Dame Angela Rosemary Emily Strank  (born October 1952) is head of downstream technology and chief scientist of BP, responsible for technology across all the refining, petrochemicals, lubricants and fuels businesses.

Education
Strank was educated at the University of Manchester where she received a Bachelor of Science degree in geology in 1975 followed by a PhD in micropalaeontology in 1981. Her doctoral research investigated the foraminiferal stratigraphy of the Holkerian, Asbian and Brigantian stages of the British lower carboniferous and was supervised by Fred M. Broadhurst.

Career
In 1980, Strank joined the British Geological Survey by what she says was becoming a geologist "by accident".
 In 1982, she joined BP as a geologist. In 2013, she joined the University of Manchester's board of governors. In April 2014, she was appointed chief scientist. She also serves as a non-executive director at Severn Trent Water plc.

Honours and awards
In 2010, she won the UK First Women's Award in Science and Technology, an award sponsored by the UK Government (CBI) in recognition of pioneering UK women in business and industry.

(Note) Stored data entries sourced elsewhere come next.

lemma fekete_convergent:
  fixes f :: "nat \<Rightarrow> real"
  assumes sub: "\<And>m n. f (m + n) \<le> f m + f n" and nonneg: "\<And>n. 0 \<le> f n"
  shows "convergent (\<lambda>n. f n / real n)"
proof -
  define l where "l = (INF n\<in>{1..}. f n / real n)"
  have bdd: "bdd_below ((\<lambda>n. f n / real n) ` {1..})"
    using nonneg by (intro bdd_belowI[of _ 0]) auto
  have l_le: "l \<le> f n / real n" if "n \<ge> 1" for n
    unfolding l_def using that bdd by (intro cINF_lower) auto
  have "\<exists>N. \<forall>n\<ge>N. dist (f n / real n) l < e" if e: "e > 0" for e
  proof -
    have "l < l + e / 2" using e by simp
    then obtain m where m: "m \<ge> 1" and fm: "f m / real m < l + e / 2"
      unfolding l_def by (subst (asm) cINF_less_iff[OF _ bdd]) auto
    define B where "B = (\<Sum>r<m. f r)"
    obtain N :: nat where N: "real N > 2 * B / e" using reals_Archimedean2 by blast
    have "dist (f n / real n) l < e" if n: "n \<ge> Suc N" for n
    proof -
      have "2 * B < e * real N" using N e by (simp add: field_simps)
      also have "\<dots> \<le> e * real n" using n e by (intro mult_left_mono) auto
      finally have "B / real n < e / 2" using n by (simp add: field_simps)
      moreover have "f n / real n \<le> f m / real m + B / real n"
        unfolding B_def using subadditive_quotient_le[OF sub nonneg m, of n] n by simp
      ultimately have "f n / real n < l + e" using fm by linarith
      then show ?thesis using l_le[of n] n by (simp add: dist_real_def)
    qed
    then show ?thesis by blast
  qed
  then have "(\<lambda>n. f n / real n) \<longlonglongrightarrow> l" by (simp add: lim_sequentially)
  then show ?thesis by (rule convergentI)
qed
(* Let $F\colon\mathbf{PBoolean}^{\mathrm{op}}\to\mathbf{Loc}$ be any functor whose restriction to boolean algebras is naturally isomorphic to the Stone spectrum functor $B\mapsto\mathrm{Idl}(B)$. Then $F(\mathrm{Proj}(M_n(\mathbb{C})))$ is the trivial locale for every $n\ge 3$.
   Context: A partial boolean algebra is a set $A$ with a reflexive symmetric relation $\odot$ (commeasurability), elements $0,1$ commeasurable with everything, a total unary operation $\neg$, and binary operations $\wedge,\vee$ defined on commeasurable pairs, such that every set of pairwise commeasurable elements is contained in a set of pairwise commeasurable elements which is closed under the operations and forms a boolean algebra under them. $\mathbf{PBoolean}$ is the category of partial boolean algebras with maps preserving commeasurability and the (partial) operations. Boolean algebras are the partial boolean algebras in which all pairs are commeasurable. $\mathrm{Proj}(M_n(\mathbb{C}))$ is the partial boolean algebra of projections $p=p^*=p^2$ in the $n\times n$ complex matrices, with $p\odot q$ iff $pq=qp$, $\neg p=1-p$, $p\wedge q=pq$, $p\vee q=p+q-pq$. The Stone spectrum of a boolean algebra $B$ is the locale whose frame is the frame $\mathrm{Idl}(B)$ of ideals of $B$. $\mathbf{Loc}$ is the category of locales; a locale is trivial if its frame satisfies $0=1$. *)

theory Defs
  imports "HOL-Library.FuncSet" "Jordan_Normal_Form.Matrix"
begin

record 'a pba =
  pcarrier :: "'a set"
  pcomm :: "'a \<Rightarrow> 'a \<Rightarrow> bool"
  pzero :: 'a
  pone :: 'a
  pneg :: "'a \<Rightarrow> 'a"
  pmeet :: "'a \<Rightarrow> 'a \<Rightarrow> 'a"
  pjoin :: "'a \<Rightarrow> 'a \<Rightarrow> 'a"

definition is_BA_on :: "('a, 'b) pba_scheme \<Rightarrow> 'a set \<Rightarrow> bool" where
  "is_BA_on A T \<longleftrightarrow>
     T \<subseteq> pcarrier A \<and>
     (\<forall>x\<in>T. \<forall>y\<in>T. pcomm A x y) \<and>
     pzero A \<in> T \<and> pone A \<in> T \<and>
     (\<forall>x\<in>T. pneg A x \<in> T) \<and>
     (\<forall>x\<in>T. \<forall>y\<in>T. pmeet A x y \<in> T \<and> pjoin A x y \<in> T) \<and>
     (\<forall>x\<in>T. \<forall>y\<in>T. pmeet A x y = pmeet A y x \<and> pjoin A x y = pjoin A y x) \<and>
     (\<forall>x\<in>T. \<forall>y\<in>T. \<forall>z\<in>T.
        pmeet A x (pjoin A y z) = pjoin A (pmeet A x y) (pmeet A x z) \<and>
        pjoin A x (pmeet A y z) = pmeet A (pjoin A x y) (pjoin A x z)) \<and>
     (\<forall>x\<in>T. pmeet A x (pone A) = x \<and> pjoin A x (pzero A) = x) \<and>
     (\<forall>x\<in>T. pmeet A x (pneg A x) = pzero A \<and> pjoin A x (pneg A x) = pone A)"

definition is_pba :: "('a, 'b) pba_scheme \<Rightarrow> bool" where
  "is_pba A \<longleftrightarrow>
     pzero A \<in> pcarrier A \<and> pone A \<in> pcarrier A \<and>
     (\<forall>x\<in>pcarrier A. pcomm A x x) \<and>
     (\<forall>x\<in>pcarrier A. \<forall>y\<in>pcarrier A. pcomm A x y \<longrightarrow> pcomm A y x) \<and>
     (\<forall>x\<in>pcarrier A. pcomm A (pzero A) x \<and> pcomm A (pone A) x) \<and>
     (\<forall>x\<in>pcarrier A. pneg A x \<in> pcarrier A) \<and>
     (\<forall>x\<in>pcarrier A. \<forall>y\<in>pcarrier A. pcomm A x y \<longrightarrow>
        pmeet A x y \<in> pcarrier A \<and> pjoin A x y \<in> pcarrier A) \<and>
     (\<forall>S. S \<subseteq> pcarrier A \<longrightarrow> (\<forall>x\<in>S. \<forall>y\<in>S. pcomm A x y) \<longrightarrow>
        (\<exists>T. S \<subseteq> T \<and> is_BA_on A T))"

definition is_boolean :: "('a, 'b) pba_scheme \<Rightarrow> bool" where
  "is_boolean A \<longleftrightarrow> is_pba A \<and> (\<forall>x\<in>pcarrier A. \<forall>y\<in>pcarrier A. pcomm A x y)"

definition pba_hom :: "('a, 'b) pba_scheme \<Rightarrow> ('c, 'd) pba_scheme \<Rightarrow> ('a \<Rightarrow> 'c) \<Rightarrow> bool" where
  "pba_hom A B f \<longleftrightarrow>
     f \<in> pcarrier A \<rightarrow>\<^sub>E pcarrier B \<and>
     (\<forall>x\<in>pcarrier A. \<forall>y\<in>pcarrier A. pcomm A x y \<longrightarrow> pcomm B (f x) (f y)) \<and>
     f (pzero A) = pzero B \<and> f (pone A) = pone B \<and>
     (\<forall>x\<in>pcarrier A. f (pneg A x) = pneg B (f x)) \<and>
     (\<forall>x\<in>pcarrier A. \<forall>y\<in>pcarrier A. pcomm A x y \<longrightarrow>
        f (pmeet A x y) = pmeet B (f x) (f y) \<and> f (pjoin A x y) = pjoin B (f x) (f y))"

section \<open>Frames (locales are represented by their frames; locale maps by frame homs
  in the opposite direction)\<close>

record 'f frame =
  fcarrier :: "'f set"
  fle :: "'f \<Rightarrow> 'f \<Rightarrow> bool"

definition is_lub :: "'f frame \<Rightarrow> 'f set \<Rightarrow> 'f \<Rightarrow> bool" where
  "is_lub L X s \<longleftrightarrow> s \<in> fcarrier L \<and> (\<forall>x\<in>X. fle L x s) \<and>
     (\<forall>u\<in>fcarrier L. (\<forall>x\<in>X. fle L x u) \<longrightarrow> fle L s u)"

In the 2017 Birthday Honours, Strank was appointed Dame Commander of the Most Excellent Order of the British Empire (DBE). In the same year she was elected a Fellow of the Royal Academy of Engineering (FREng). She was elected a Fellow of the Royal Society (FRS) in 2018 for substantial contributions to the improvement of natural knowledge. She was awarded an honorary Doctor of Science (DSc) by Royal Holloway, University of London in 2018.

Coat of Arms 
By Letters Patent of Garter and Clarenceux Kings of Arms dated 1 July 2019, from the College of Arms, Strank was granted arms:

Personal life
Strank has two children.

References

1952 births
Living people
21st-century women engineers
Alumni of the University of Manchester
BP people
Dames Commander of the Order of the British Empire
Fellows of the Royal Academy of Engineering
Fellows of the Royal Society
Female Fellows of the Royal Academy of Engineering
Female Fellows of the Royal Society
Place of birth missing (living people)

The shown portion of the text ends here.